Hacker Newsnew | past | comments | ask | show | jobs | submitlogin

My concern is with the actual JS SDK API. They shifted from a dirt-simple, chained methods API to a setup where you have to create class instances for everything (including creating config). To make it possible, they also had to shift to a naming scheme for each class that just makes the code unnecessarily clunky.

E.g., it used to look like this:

// This was callback-based but could have easily been wrapped with promises.

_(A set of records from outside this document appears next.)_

(* Let $G\in\mathbb C^{N\times N}$ be Hermitian positive definite, let $A\in\mathbb C^{N\times N}$ satisfy $GA=A^*G$, and let $B\in\mathbb C^{N\times N}$ satisfy $GB=B^*G\ge0$. Let $C_A,C_B$ be constants with $\|A\|_G\le C_A$ and $\|B\|_G\le C_B$. Suppose that for some $\alpha>0$ there exists $\beta>0$ with $$GB+\frac1{\alpha^2}A^*GBA\ge\beta G.$$ Then there exists $\delta>0$, depending only on $\alpha,\beta,C_A,C_B$, such that $$\lim_{T\to\infty}\frac1{2T}\int_{-T}^Te^{itA^*}GBe^{-itA}\,dt\ge\delta G$$ (the limit exists).
   Context: For Hermitian matrices $M_1,M_2$, $M_1\ge M_2$ means $M_1-M_2$ is positive semidefinite. $\|M\|_G$ denotes the operator norm of $M$ with respect to the norm $v\mapsto(v^*Gv)^{1/2}$ on $\mathbb C^N$. *)

theory Defs
  imports "HOL-Analysis.Analysis"
begin

text \<open>Square complex matrices of size n are represented as functions
  nat => nat => complex; only the entries with indices below n matter.
  Vectors in C^n are functions nat => complex (entries below n matter).\<close>

type_synonym cmat = "nat \<Rightarrow> nat \<Rightarrow> complex"
type_synonym cvec = "nat \<Rightarrow> complex"

definition meq :: "nat \<Rightarrow> cmat \<Rightarrow> cmat \<Rightarrow> bool" where
  "meq n M P \<longleftrightarrow> (\<forall>i<n. \<forall>j<n. M i j = P i j)"

definition madj :: "cmat \<Rightarrow> cmat" where
  "madj M = (\<lambda>i j. cnj (M j i))"

definition mmult :: "nat \<Rightarrow> cmat \<Rightarrow> cmat \<Rightarrow> cmat" where
  "mmult n M P = (\<lambda>i j. \<Sum>k<n. M i k * P k j)"

definition msub :: "cmat \<Rightarrow> cmat \<Rightarrow> cmat" where
  "msub M P = (\<lambda>i j. M i j - P i j)"

definition msmult :: "complex \<Rightarrow> cmat \<Rightarrow> cmat" where
  "msmult c M = (\<lambda>i j. c * M i j)"

definition mone :: cmat where
  "mone = (\<lambda>i j. if i = j then 1 else 0)"

primrec mpow :: "nat \<Rightarrow> cmat \<Rightarrow> nat \<Rightarrow> cmat" where
  "mpow n M 0 = mone"
| "mpow n M (Suc k) = mmult n M (mpow n M k)"

definition mexp :: "nat \<Rightarrow> cmat \<Rightarrow> cmat" where
  "mexp n M = (\<lambda>i j. \<Sum>k. mpow n M k i j / of_nat (fact k))"

definition mvec :: "nat \<Rightarrow> cmat \<Rightarrow> cvec \<Rightarrow> cvec" where
  "mvec n M v = (\<lambda>i. \<Sum>j<n. M i j * v j)"

definition quad :: "nat \<Rightarrow> cmat \<Rightarrow> cvec \<Rightarrow> complex" where
  "quad n M v = (\<Sum>i<n. \<Sum>j<n. cnj (v i) * M i j * v j)"

definition hermitian :: "nat \<Rightarrow> cmat \<Rightarrow> bool" where
  "hermitian n M \<longleftrightarrow> meq n M (madj M)"

definition psd :: "nat \<Rightarrow> cmat \<Rightarrow> bool" where
  "psd n M \<longleftrightarrow> hermitian n M \<and> (\<forall>v. 0 \<le> Re (quad n M v))"

definition pos_def :: "nat \<Rightarrow> cmat \<Rightarrow> bool" where
  "pos_def n M \<longleftrightarrow> hermitian n M \<and> (\<forall>v. (\<exists>i<n. v i \<noteq> 0) \<longrightarrow> 0 < Re (quad n M v))"

definition loewner_ge :: "nat \<Rightarrow> cmat \<Rightarrow> cmat \<Rightarrow> bool" where
  "loewner_ge n M1 M2 \<longleftrightarrow> psd n (msub M1 M2)"

definition gnorm :: "nat \<Rightarrow> cmat \<Rightarrow> cvec \<Rightarrow> real" where
  "gnorm n G v = sqrt (Re (quad n G v))"

definition opnorm_G :: "nat \<Rightarrow> cmat \<Rightarrow> cmat \<Rightarrow> real" where
  "opnorm_G n G M = Sup {gnorm n G (mvec n M v) / gnorm n G v | v. gnorm n G v \<noteq> 0}"

definition integrand :: "nat \<Rightarrow> cmat \<Rightarrow> cmat \<Rightarrow> cmat \<Rightarrow> real \<Rightarrow> cmat" where
  "integrand n G A B t =
     mmult n (mexp n (msmult (\<i> * of_real t) (madj A)))
       (mmult n (mmult n G B) (mexp n (msmult (- \<i> * of_real t) A)))"

definition time_avg :: "nat \<Rightarrow> cmat \<Rightarrow> cmat \<Rightarrow> cmat \<Rightarrow> real \<Rightarrow> cmat" where
  "time_avg n G A B T =
     (\<lambda>i j. complex_of_real (1 / (2 * T)) * integral {-T..T} (\<lambda>t. integrand n G A B t i j))"

end

theory Submission
  imports Defs "Jordan_Normal_Form.Jordan_Normal_Form_Existence"
begin

text \<open>
  The hypothesis G A = A^* G says that A is self-adjoint for the inner
  product (x, y) \<mapsto> x^* G y, G being positive definite.  Hence A = S D S^-1 with D real
  diagonal, and eigenvectors of distinct eigenvalues are G-orthogonal.  We derive this
  from the Jordan normal form: the Gram matrix K = S^* G S intertwines J^* and J, which
  forces the Jordan matrix J to be real diagonal.

  In the eigenbasis e^{-itA} = S e^{-itD} S^-1, so each entry of the integrand is a finite
  combination of the exponentials e^{it(d_a - d_b)}, whose time averages tend to 1 if
  d_a = d_b and to 0 otherwise.  So the limit L exists, and its quadratic form is the sum,
  over the eigenvalues c, of the G B-form of the component of v in the c-eigenspace.

  Every eigenvalue satisfies |c| \<le> \<parallel>A\<parallel>_G \<le> C_A, and on the c-eigenspace the hypothesis reads
  \<beta> G \<le> (1 + c^2/\<alpha>^2) G B.  Summing over the G-orthogonal eigenspaces gives L \<ge> \<delta> G with
  \<delta> = \<beta> / (1 + C_A^2/\<alpha>^2).
\<close>

lemma sum_mone_right: "a < n \<Longrightarrow> (\<Sum>m<n. f m * mone m a) = f a"
  by (simp add: mone_def if_distrib cong: if_cong)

s3.putObject({ option: 'blah' }, () => {});

Now it looks like this:

import { S3Client, PutObjectCommand } from "@aws-sdk/client-s3";

const client = new S3Client({ option: 'blah' });

const command = new PutObjectCommand({ option: 'blah' });

const response = await client.send(command);

---

It's improved now, but when this first dropped for 6-12 months the docs were just TypeScript auto-generated docs that were a nightmare to decipher (and a lot of stuff didn't even have examples, so you had to guess).

As for a "why this approach," it looks like they were trying to reduce the footprint of the SDK as a whole by breaking it into individual packages (smart) but instead of just keeping a simple API, they added all of this extra class instantiation and a funky client.send() pattern.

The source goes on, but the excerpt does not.